Which lines in the data below contain the string "from"? Show each one.

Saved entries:
=== Section Start ===

text \<open>A nonnegative increasing numerator over a positive decreasing denominator vanishing at b
  gives an increasing response on [0,b); this is how the next substrate arises.\<close>
lemma quotient_response:
  fixes h R :: "real \<Rightarrow> real"
  assumes b: "0 < b" and h: "continuous_on {0..b} h" "strict_mono_on {0..b} h" "h 0 = 0"
    and R: "continuous_on {0..b} R" "R b = 0"
      "\<And>s t. s \<in> {0..b} \<Longrightarrow> t \<in> {0..b} \<Longrightarrow> s < t \<Longrightarrow> R t < R s"
  shows "increasing_response {0..<b} (\<lambda>s. h s / R s)"
proof -
  have Rpos: "0 < R s" if "s \<in> {0..<b}" for s using R(2) R(3)[of s b] that b by auto
  have h_nonneg: "0 \<le> h s" if "s \<in> {0..b}" for s
    using strict_mono_on_leD[OF h(2), of 0 s] that h(3) b by auto
  have "continuous_on {0..<b} (\<lambda>s. h s / R s)"
  proof (intro continuous_intros)
    show "continuous_on {0..<b} h" "continuous_on {0..<b} R"
      by (auto intro: continuous_on_subset[OF h(1)] continuous_on_subset[OF R(1)])
    show "\<forall>s\<in>{0..<b}. R s \<noteq> 0" using Rpos by (metis less_irrefl)
  qed
  moreover have "strict_mono_on {0..<b} (\<lambda>s. h s / R s)"
  proof (rule strict_mono_onI)
    fix r s assume rs: "r \<in> {0..<b}" "s \<in> {0..<b}" "r < s"
    thus "h r / R r < h s / R s"
      using h_nonneg[of r] strict_mono_onD[OF h(2), of r s] Rpos[of s] R(3)[of r s]
      by (intro frac_less) auto
  qed
  moreover have "\<exists>s\<in>{0..<b}. M < h s / R s" for M
  proof -
    have c: "0 < h (b / 2)" using strict_mono_onD[OF h(2), of 0 "b / 2"] h(3) b by simp
    have "h (b / 2) \<le> h s" if "s \<in> {b / 2..<b}" for s
      using strict_mono_on_leD[OF h(2), of "b / 2" s] that b by auto
    hence "filterlim (\<lambda>s. h s / R s) at_top (at_left b)"
      using Rpos b R(2) c by (intro quotient_tendsto_at_top[where a = "b / 2" and c = "h (b / 2)"]
          continuous_on_subset[OF R(1)]) auto
    hence "\<exists>s\<in>{b / 2<..<b}. M < h s / R s" using b by (intro filterlim_at_left_exceeds) auto
    thus ?thesis by force
  qed
  ultimately show ?thesis using h(3) by (simp add: increasing_response_def)
qed

section \<open>One layer of the cascade\<close>

text \<open>Eliminating F_i and the complexes from the layer equations leaves two real functions:
  the saturation x/(1+\<delta>x), giving F_i S_i^1 = Fb_i x/(1+\<delta>x), and the free substrate S_i^0
  in terms of x = S_i^1 and y = Y_{i+1}^0.\<close>
definition sat :: "real \<Rightarrow> real \<Rightarrow> real" where
  "sat d x = x / (1 + d * x)"

definition free_substrate :: "real \<Rightarrow> real \<Rightarrow> real \<Rightarrow> real \<Rightarrow> real \<Rightarrow> real \<Rightarrow> real" where
  "free_substrate Sb Fb d g x y = Sb - y - x - Fb * (d + g) * sat d x"

lemma sat_zero[simp]: "sat d 0 = 0"
  by (simp add: sat_def)

lemma sat_nonneg: "0 < d \<Longrightarrow> 0 \<le> x \<Longrightarrow> 0 \<le> sat d x"
  by (simp add: sat_def)

lemma sat_strict_mono:
  assumes "0 < d" "0 \<le> x" "x < y"
  shows "sat d x < sat d y"
proof -
  have "0 < 1 + d * x" "0 < 1 + d * y" using assms by (auto intro: add_pos_nonneg)
  moreover have "x * (1 + d * y) < y * (1 + d * x)" using assms by (simp add: algebra_simps)
  ultimately show ?thesis by (simp add: sat_def divide_simps)
qed

lemma saturated_response:
  assumes "layer_profile D X Y" "0 < d"
  shows "continuous_on D (\<lambda>s. sat d (X s))" "strict_mono_on D (\<lambda>s. sat d (X s))"
proof -
  have X: "increasing_response D X" using assms(1) by (simp add: layer_profile_def)
  note nonneg = layer_profile_nonneg[OF assms(1)]
  have "\<forall>s\<in>D. 0 < 1 + d * X s" using nonneg(2) assms(2) by (simp add: add_pos_nonneg)
  hence "\<forall>s\<in>D. 1 + d * X s \<noteq> 0" by (metis less_irrefl)
  moreover have "continuous_on D X" using X by (simp add: increasing_response_def)
  ultimately show "continuous_on D (\<lambda>s. sat d (X s))"
    unfolding sat_def by (intro continuous_intros)
  show "strict_mono_on D (\<lambda>s. sat d (X s))"
    using X nonneg(2) sat_strict_mono[OF assms(2)]
    by (auto simp: increasing_response_def intro!: strict_mono_onI dest: strict_mono_onD)
qed

lemma free_substrate_response:
  assumes prof: "layer_profile D X Y" and pos: "0 < Fb" "0 < d" "0 < g"
  shows "continuous_on D (\<lambda>s. free_substrate Sb Fb d g (X s) (Y s))"
    and "\<And>s t. s \<in> D \<Longrightarrow> t \<in> D \<Longrightarrow> s < t \<Longrightarrow>
           free_substrate Sb Fb d g (X t) (Y t) < free_substrate Sb Fb d g (X s) (Y s)"
    and "free_substrate Sb Fb d g (X 0) (Y 0) = Sb"
    and "\<And>s. s \<in> D \<Longrightarrow> free_substrate Sb Fb d g (X s) (Y s) \<le> Sb - X s"
proof -
  have X: "increasing_response D X" and Y: "continuous_on D Y" "mono_on D Y" "Y 0 = 0"
    using prof by (auto simp: layer_profile_def)
  note h = saturated_response[OF prof pos(2)]
  show "continuous_on D (\<lambda>s. free_substrate Sb Fb d g (X s) (Y s))"
    unfolding free_substrate_def using X Y h(1)
    by (auto simp: increasing_response_def intro!: continuous_intros)
  show "free_substrate Sb Fb d g (X s) (Y s) \<le> Sb - X s" if "s \<in> D" for s
  proof -
    have "0 \<le> Fb * (d + g) * sat d (X s)"
      using layer_profile_nonneg(2)[OF prof that] sat_nonneg[OF pos(2)] pos by simp
    thus ?thesis using layer_profile_nonneg(3)[OF prof that] by (simp add: free_substrate_def)
  qed
  show "free_substrate Sb Fb d g (X 0) (Y 0) = Sb"
    using X Y by (simp add: free_substrate_def increasing_response_def)
  fix s t assume st: "s \<in> D" "t \<in> D" "s < t"
  have "X s < X t" using X st by (auto simp: increasing_response_def dest: strict_mono_onD)
  moreover have "Y s \<le> Y t" using mono_onD[OF Y(2) st(1,2)] st(3) by simp
  moreover have "Fb * (d + g) * sat d (X s) \<le> Fb * (d + g) * sat d (X t)"
    using strict_mono_onD[OF h(2) st] pos by (intro mult_left_mono) auto
  ultimately show "free_substrate Sb Fb d g (X t) (Y t) < free_substrate Sb Fb d g (X s) (Y s)"
    by (simp add: free_substrate_def)
qed

text \<open>If layer i+1 has profile (X, Y) on D, then layer i is
  admissible (positive free substrate S_i^0) exactly on some [0,b), and there the next substrate
  S_{i-1}^1 = \<lambda> Fb x/(1+\<delta>x) / S_i^0 and the complex Y_i^0 = \<gamma> Fb x/(1+\<delta>x) again form a
  profile; the substrate blows up at b because S_i^0 tends to 0 there.\<close>
lemma layer_step:
  fixes X Y :: "real \<Rightarrow> real"
  assumes prof: "layer_profile D X Y" and pos: "0 < Sb" "0 < Fb" "0 < d" "0 < g" "0 < l"
  obtains b where "0 < b" "{s \<in> D. 0 < free_substrate Sb Fb d g (X s) (Y s)} = {0..<b}"
    "layer_profile {0..<b} (\<lambda>s. l * Fb * sat d (X s) / free_substrate Sb Fb d g (X s) (Y s))
       (\<lambda>s. g * Fb * sat d (X s))"
proof -
  define R where "R s = free_substrate Sb Fb d g (X s) (Y s)" for s
  have D: "initial_segment D" and X: "increasing_response D X"
    using prof by (auto simp: layer_profile_def)
  note Rprops = free_substrate_response[OF prof pos(2-4), where Sb = Sb, folded R_def]
  note sat_props = saturated_response[OF prof pos(3)]
  obtain s1 where s1: "s1 \<in> D" "Sb < X s1" using X unfolding increasing_response_def by blast
  have start: "0 < R 0" and "R s1 < 0" using Rprops(3) Rprops(4)[OF s1(1)] s1 pos(1) by simp_all
  then obtain b where b: "0 < b" "b \<in> D" "R b = 0" and region: "{s \<in> D. 0 < R s} = {0..<b}"
    using positive_region_initial_interval[OF D Rprops(1,2) start s1(1)] by blast
  have sub: "{0..b} \<subseteq> D" using D b(2) by (simp add: initial_segment_def)
  have h: "continuous_on {0..b} (\<lambda>s. l * Fb * sat d (X s))"
    "strict_mono_on {0..b} (\<lambda>s. l * Fb * sat d (X s))"
    using continuous_on_subset[OF sat_props(1) sub] monotone_on_subset[OF sat_props(2) sub] pos(2,5)
    by (auto intro!: continuous_intros strict_mono_onI dest: strict_mono_onD)
  have "increasing_response {0..<b} (\<lambda>s. l * Fb * sat d (X s) / R s)"
    using X sub b(1,3) h by (intro quotient_response continuous_on_subset[OF Rprops(1)] Rprops(2))
      (auto simp: increasing_response_def)
  moreover have "continuous_on {0..<b} (\<lambda>s. g * Fb * sat d (X s))"
    using sub by (intro continuous_intros continuous_on_subset[OF sat_props(1)]) auto
  moreover have "mono_on {0..<b} (\<lambda>s. g * Fb * sat d (X s))"
  proof (rule mono_onI)
    fix r s assume "r \<in> {0..<b}" "s \<in> {0..<b}" "r \<le> s"
    moreover from this have "r \<in> D" "s \<in> D" using sub by auto
    ultimately show "g * Fb * sat d (X r) \<le> g * Fb * sat d (X s)"
      using strict_mono_on_leD[OF sat_props(2)] pos by (simp add: mult_left_mono)
  qed
  ultimately have "layer_profile {0..<b} (\<lambda>s. l * Fb * sat d (X s) / R s) (\<lambda>s. g * Fb * sat d (X s))"
    using X b(1) by (simp add: layer_profile_def increasing_response_def
        initial_segment_atLeastLessThan)
  thus thesis using that b(1) region by (simp add: R_def)
qed

lemma eval_dfun:
  assumes "defined_at x t" "defined_at y t" "1 + d * reval x t \<noteq> 0"
  shows "defined_at (dfun Sb Fb d g x y) t \<and> reval (dfun Sb Fb d g x y) t =
           (1 + d * reval x t) * free_substrate Sb Fb d g (reval x t) (reval y t)"
  using assms by (simp add: dfun_def power2_eq_square free_substrate_def sat_def field_simps)

lemma eval_gYfun:
  assumes "defined_at x t" "1 + d * reval x t \<noteq> 0"
  shows "defined_at (gYfun Fb d g x) t \<and> reval (gYfun Fb d g x) t = g * Fb * sat d (reval x t)"
  using assms eval_divide[of "rconst g * rconst Fb * x" t "1 + rconst d * x"]
  by (simp add: gYfun_def sat_def)

lemma layer_closed_form:
  fixes d g x y F Fb Sb S0 Y0 Y1 :: real
  assumes "0 < d" "0 \<le> x" "Y0 = g * F * x" "Y1 = d * F * x" "Fb = F + Y1"
    and "Sb = S0 + x + Y0 + Y1 + y"
  shows "F = Fb / (1 + d * x)" "F * x = Fb * sat d x" "S0 = free_substrate Sb Fb d g x y"
proof -
  have pos: "0 < 1 + d * x" using assms(1,2) by (simp add: add_pos_nonneg)
  have "Fb = F * (1 + d * x)" using assms(4,5) by (simp add: algebra_simps)
  thus F: "F = Fb / (1 + d * x)" using pos by (simp add: field_simps)
  thus Fx: "F * x = Fb * sat d x" by (simp add: sat_def)
  have "S0 = Sb - y - x - (d + g) * (F * x)" using assms(3-6) by (simp add: algebra_simps)
  thus "S0 = free_substrate Sb Fb d g x y" unfolding Fx by (simp add: free_substrate_def)
qed

section \<open>The cascade\<close>

locale cascade =
  fixes n :: nat and a0 b0 c0 a1 b1 c1 Fb Sb :: "nat \<Rightarrow> real"
  assumes n1: "n \<ge> 1"
    and rates: "\<forall>i\<in>{1..n}. a0 i > 0 \<and> b0 i > 0 \<and> c0 i > 0 \<and> a1 i > 0 \<and> b1 i > 0 \<and> c1 i > 0"
    and tots: "\<forall>i\<in>{1..n}. Fb i > 0 \<and> Sb i > 0"
begin

abbreviation "dl i \<equiv> delta a1 b1 c1 i"
abbreviation "gm i \<equiv> gamma c0 a1 b1 c1 i"
abbreviation "lm i \<equiv> lambda a0 b0 c0 a1 b1 c1 i"
abbreviation "free i \<equiv> free_substrate (Sb i) (Fb i) (dl i) (gm i)"
abbreviation "FP k \<equiv> fpair n a0 b0 c0 a1 b1 c1 Fb Sb k"

lemma layer_params_pos:
  assumes "i \<in> {1..n}"
  shows "0 < dl i" "0 < gm i" "0 < lm i" "0 < Fb i" "0 < Sb i"
proof -
  have h: "a0 i > 0" "b0 i > 0" "c0 i > 0" "a1 i > 0" "b1 i > 0" "c1 i > 0" "Fb i > 0" "Sb i > 0"
    using rates tots assms by auto
  thus "0 < dl i" "0 < gm i" "0 < Fb i" "0 < Sb i" by (simp_all add: delta_def gamma_def)
  show "0 < lm i" using h by (simp add: lambda_def gamma_def delta_def add_pos_pos)
qed

text \<open>The real-valued counterpart of the recursion defining f_i and f_{i+1}^Y: after k steps,
  X k = f_{n-k} and Y k = f_{n-k+1}^Y, written with the free substrate of layer n-k.\<close>
primrec upstream :: "nat \<Rightarrow> real \<Rightarrow> real \<times> real" where
  "upstream 0 s = (s, 0)"
| "upstream (Suc k) s =
     (let i = n - k; (x, y) = upstream k s
      in (lm i * Fb i * sat (dl i) x / free i x y, gm i * Fb i * sat (dl i) x))"

definition X :: "nat \<Rightarrow> real \<Rightarrow> real" where "X k s = fst (upstream k s)"
definition Y :: "nat \<Rightarrow> real \<Rightarrow> real" where "Y k s = snd (upstream k s)"

lemma X_0: "X 0 = (\<lambda>s. s)" and Y_0: "Y 0 = (\<lambda>s. 0)"
  by (simp_all add: X_def Y_def fun_eq_iff)

lemma X_Suc: "X (Suc k) = (\<lambda>s. lm (n - k) * Fb (n - k) * sat (dl (n - k)) (X k s) /
                               free (n - k) (X k s) (Y k s))"
  and Y_Suc: "Y (Suc k) = (\<lambda>s. gm (n - k) * Fb (n - k) * sat (dl (n - k)) (X k s))"
  by (simp_all add: X_def Y_def fun_eq_iff Let_def split_beta)

primrec admissible :: "nat \<Rightarrow> real set" where
  "admissible 0 = {0..}"
| "admissible (Suc k) = {s \<in> admissible k. 0 < free (n - k) (X k s) (Y k s)}"

lemma admissible_antimono: "j \<le> k \<Longrightarrow> admissible k \<subseteq> admissible j"
  by (induction k) (auto simp: le_Suc_eq)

=== Section End ===

* TASK OUTPUT
text \<open>Eliminating F_i and the complexes from the layer equations leaves two real functions:
    moreover from this have "r \<in> D" "s \<in> D" using sub by auto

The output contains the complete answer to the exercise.